- **DATA PROVIDED**
* * *

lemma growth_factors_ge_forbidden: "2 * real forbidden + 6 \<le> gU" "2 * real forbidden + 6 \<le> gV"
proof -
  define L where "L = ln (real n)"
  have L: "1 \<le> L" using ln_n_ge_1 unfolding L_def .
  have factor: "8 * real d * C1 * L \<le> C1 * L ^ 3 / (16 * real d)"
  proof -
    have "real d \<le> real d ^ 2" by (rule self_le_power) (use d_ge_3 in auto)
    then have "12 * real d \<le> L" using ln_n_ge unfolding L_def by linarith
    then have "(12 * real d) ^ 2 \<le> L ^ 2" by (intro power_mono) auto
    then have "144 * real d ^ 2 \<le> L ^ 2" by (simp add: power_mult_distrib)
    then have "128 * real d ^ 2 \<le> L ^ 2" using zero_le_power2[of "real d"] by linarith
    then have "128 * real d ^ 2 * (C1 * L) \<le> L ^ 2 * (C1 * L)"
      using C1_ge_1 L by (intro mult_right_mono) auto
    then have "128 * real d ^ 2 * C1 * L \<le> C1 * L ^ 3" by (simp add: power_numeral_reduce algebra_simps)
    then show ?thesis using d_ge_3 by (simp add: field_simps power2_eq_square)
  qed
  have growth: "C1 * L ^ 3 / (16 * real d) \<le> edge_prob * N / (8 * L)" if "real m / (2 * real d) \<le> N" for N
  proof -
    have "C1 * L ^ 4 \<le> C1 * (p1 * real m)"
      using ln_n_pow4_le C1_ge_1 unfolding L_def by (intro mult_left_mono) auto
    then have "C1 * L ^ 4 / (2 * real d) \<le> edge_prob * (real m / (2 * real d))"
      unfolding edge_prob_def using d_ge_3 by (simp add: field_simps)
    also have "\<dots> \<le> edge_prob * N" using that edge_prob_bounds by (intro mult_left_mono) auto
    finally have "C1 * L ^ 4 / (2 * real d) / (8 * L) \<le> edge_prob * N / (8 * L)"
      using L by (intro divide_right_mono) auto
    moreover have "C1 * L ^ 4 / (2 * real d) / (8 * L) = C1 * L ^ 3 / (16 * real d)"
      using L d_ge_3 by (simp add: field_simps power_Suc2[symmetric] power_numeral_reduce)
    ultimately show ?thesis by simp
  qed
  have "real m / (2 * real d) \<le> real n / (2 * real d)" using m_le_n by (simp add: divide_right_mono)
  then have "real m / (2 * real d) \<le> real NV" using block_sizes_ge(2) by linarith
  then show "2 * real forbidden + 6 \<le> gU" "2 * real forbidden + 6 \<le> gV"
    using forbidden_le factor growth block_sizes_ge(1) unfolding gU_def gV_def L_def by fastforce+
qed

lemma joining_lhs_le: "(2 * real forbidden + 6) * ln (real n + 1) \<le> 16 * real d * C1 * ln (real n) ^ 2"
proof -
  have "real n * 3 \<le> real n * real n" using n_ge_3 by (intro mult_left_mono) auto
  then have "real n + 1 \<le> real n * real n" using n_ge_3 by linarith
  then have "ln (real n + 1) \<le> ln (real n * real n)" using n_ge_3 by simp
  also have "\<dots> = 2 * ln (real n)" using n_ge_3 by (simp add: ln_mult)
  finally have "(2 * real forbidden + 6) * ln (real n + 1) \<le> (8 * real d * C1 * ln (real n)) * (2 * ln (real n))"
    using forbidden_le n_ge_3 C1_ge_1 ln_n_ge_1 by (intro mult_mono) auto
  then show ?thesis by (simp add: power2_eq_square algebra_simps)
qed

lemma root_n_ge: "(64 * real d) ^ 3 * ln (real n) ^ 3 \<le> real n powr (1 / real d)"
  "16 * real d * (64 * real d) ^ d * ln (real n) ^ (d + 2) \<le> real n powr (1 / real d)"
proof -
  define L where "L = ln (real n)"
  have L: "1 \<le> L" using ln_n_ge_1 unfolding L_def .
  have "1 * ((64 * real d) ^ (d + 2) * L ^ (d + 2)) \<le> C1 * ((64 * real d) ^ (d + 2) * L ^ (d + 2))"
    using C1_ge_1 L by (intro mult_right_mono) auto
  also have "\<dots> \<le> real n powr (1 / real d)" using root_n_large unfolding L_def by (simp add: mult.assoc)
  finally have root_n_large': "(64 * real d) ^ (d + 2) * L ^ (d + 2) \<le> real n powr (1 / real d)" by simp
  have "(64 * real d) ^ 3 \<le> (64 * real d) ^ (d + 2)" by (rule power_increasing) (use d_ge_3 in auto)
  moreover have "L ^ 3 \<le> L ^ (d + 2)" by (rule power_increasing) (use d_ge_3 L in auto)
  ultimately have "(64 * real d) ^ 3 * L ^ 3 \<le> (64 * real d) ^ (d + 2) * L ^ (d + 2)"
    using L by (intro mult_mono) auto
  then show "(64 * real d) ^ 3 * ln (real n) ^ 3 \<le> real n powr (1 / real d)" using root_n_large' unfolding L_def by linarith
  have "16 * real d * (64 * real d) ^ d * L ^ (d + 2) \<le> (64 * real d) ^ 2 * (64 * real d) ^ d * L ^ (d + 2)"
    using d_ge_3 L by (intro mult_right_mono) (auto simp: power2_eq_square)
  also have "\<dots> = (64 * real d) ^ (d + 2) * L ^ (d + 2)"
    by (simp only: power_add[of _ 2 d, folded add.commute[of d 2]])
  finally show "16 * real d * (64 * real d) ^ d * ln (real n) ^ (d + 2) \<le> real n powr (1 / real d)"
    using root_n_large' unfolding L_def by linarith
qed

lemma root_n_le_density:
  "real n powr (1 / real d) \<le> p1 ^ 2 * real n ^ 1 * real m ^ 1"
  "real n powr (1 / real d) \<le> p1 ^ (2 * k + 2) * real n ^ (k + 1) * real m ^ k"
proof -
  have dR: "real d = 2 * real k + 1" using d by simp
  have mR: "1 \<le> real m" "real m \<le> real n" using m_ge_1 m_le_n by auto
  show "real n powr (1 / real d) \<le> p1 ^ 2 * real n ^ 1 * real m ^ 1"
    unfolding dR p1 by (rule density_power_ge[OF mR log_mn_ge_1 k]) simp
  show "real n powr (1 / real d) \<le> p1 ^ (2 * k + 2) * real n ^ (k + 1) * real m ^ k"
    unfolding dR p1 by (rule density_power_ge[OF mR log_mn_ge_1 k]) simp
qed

* * *

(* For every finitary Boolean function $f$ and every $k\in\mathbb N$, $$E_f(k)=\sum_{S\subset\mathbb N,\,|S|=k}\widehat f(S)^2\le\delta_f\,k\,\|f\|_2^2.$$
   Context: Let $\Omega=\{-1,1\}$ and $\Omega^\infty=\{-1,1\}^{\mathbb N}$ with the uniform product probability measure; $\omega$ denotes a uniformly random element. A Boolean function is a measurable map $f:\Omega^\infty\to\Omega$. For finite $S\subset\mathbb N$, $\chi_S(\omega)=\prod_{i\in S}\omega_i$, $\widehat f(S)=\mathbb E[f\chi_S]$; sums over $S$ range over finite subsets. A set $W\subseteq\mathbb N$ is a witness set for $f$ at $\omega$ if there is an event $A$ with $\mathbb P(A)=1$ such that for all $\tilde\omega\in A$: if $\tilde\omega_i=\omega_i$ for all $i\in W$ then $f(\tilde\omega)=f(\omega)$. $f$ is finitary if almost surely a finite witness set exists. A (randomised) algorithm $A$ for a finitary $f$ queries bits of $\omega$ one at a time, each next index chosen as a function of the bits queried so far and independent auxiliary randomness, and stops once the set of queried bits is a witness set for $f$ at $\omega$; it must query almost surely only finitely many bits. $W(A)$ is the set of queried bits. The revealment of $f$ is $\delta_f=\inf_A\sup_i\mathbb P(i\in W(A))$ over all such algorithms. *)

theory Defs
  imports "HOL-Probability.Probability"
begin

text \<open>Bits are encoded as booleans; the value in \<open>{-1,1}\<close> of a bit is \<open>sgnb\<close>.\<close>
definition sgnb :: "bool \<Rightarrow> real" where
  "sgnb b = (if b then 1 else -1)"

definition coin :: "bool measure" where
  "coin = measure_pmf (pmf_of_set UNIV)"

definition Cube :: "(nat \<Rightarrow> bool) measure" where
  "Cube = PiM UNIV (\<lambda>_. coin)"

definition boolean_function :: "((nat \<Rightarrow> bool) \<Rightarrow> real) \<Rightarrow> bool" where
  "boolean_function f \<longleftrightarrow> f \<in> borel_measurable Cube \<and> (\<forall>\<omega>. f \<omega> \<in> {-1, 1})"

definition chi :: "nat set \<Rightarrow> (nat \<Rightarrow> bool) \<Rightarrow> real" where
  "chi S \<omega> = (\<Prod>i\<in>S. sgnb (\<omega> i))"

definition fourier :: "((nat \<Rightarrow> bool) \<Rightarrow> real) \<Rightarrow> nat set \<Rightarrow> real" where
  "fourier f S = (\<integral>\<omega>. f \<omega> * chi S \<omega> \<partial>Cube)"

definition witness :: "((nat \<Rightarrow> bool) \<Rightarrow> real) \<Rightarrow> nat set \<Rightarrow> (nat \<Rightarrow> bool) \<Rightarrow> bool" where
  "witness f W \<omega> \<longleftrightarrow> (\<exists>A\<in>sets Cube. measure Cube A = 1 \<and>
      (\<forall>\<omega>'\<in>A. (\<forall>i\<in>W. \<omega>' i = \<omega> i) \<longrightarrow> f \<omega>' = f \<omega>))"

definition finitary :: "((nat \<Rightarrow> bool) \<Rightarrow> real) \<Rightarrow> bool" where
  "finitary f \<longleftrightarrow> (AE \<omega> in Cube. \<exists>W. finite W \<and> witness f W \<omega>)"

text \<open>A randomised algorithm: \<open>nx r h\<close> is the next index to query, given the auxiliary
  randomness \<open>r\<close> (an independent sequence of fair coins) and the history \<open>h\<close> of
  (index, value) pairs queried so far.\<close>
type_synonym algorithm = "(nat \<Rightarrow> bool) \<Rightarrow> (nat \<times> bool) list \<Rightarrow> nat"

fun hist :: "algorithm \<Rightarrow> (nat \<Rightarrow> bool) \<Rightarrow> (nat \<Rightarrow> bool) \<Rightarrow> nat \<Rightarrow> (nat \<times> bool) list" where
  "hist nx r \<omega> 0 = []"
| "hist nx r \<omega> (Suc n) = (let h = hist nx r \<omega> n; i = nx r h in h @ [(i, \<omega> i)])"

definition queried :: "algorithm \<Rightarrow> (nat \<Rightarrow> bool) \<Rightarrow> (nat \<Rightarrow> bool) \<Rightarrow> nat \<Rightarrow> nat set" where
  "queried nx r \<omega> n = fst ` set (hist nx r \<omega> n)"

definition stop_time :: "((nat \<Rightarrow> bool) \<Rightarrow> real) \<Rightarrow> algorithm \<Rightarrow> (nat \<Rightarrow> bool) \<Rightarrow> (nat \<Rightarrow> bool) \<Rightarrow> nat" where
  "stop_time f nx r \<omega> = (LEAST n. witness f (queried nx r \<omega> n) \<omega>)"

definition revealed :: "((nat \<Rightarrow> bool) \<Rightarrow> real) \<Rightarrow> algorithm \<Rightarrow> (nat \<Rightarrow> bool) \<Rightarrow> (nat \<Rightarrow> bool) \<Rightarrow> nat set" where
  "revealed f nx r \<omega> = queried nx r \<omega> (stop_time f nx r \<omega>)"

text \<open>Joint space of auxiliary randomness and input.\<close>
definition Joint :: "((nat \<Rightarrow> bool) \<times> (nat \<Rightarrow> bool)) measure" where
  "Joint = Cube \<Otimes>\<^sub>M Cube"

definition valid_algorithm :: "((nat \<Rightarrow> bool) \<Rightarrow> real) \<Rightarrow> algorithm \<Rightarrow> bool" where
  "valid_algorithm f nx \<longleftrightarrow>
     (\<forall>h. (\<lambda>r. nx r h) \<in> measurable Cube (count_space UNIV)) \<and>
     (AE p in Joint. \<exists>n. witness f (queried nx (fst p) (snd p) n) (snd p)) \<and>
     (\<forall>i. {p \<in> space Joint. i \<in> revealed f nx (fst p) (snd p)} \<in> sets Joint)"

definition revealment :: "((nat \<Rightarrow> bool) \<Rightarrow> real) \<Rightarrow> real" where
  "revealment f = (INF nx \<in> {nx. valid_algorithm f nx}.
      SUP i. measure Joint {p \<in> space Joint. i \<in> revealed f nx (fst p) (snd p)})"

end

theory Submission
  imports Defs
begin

* * *

- **WHAT TO PRODUCE**
Output only an exact transcription of the lines above from the one with "A = 1 \<and>" up to and including the one with "bool) list \<Rightarrow>".

- **EXERCISE OUTPUT**
  "witness f W \<omega> \<longleftrightarrow> (\<exists>A\<in>sets Cube. measure Cube A = 1 \<and>
      (\<forall>\<omega>'\<in>A. (\<forall>i\<in>W. \<omega>' i = \<omega> i) \<longrightarrow> f \<omega>' = f \<omega>))"

definition finitary :: "((nat \<Rightarrow> bool) \<Rightarrow> real) \<Rightarrow> bool" where
  "finitary f \<longleftrightarrow> (AE \<omega> in Cube. \<exists>W. finite W \<and> witness f W \<omega>)"

text \<open>A randomised algorithm: \<open>nx r h\<close> is the next index to query, given the auxiliary
  randomness \<open>r\<close> (an independent sequence of fair coins) and the history \<open>h\<close> of
  (index, value) pairs queried so far.\<close>
type_synonym algorithm = "(nat \<Rightarrow> bool) \<Rightarrow> (nat \<times> bool) list \<Rightarrow> nat"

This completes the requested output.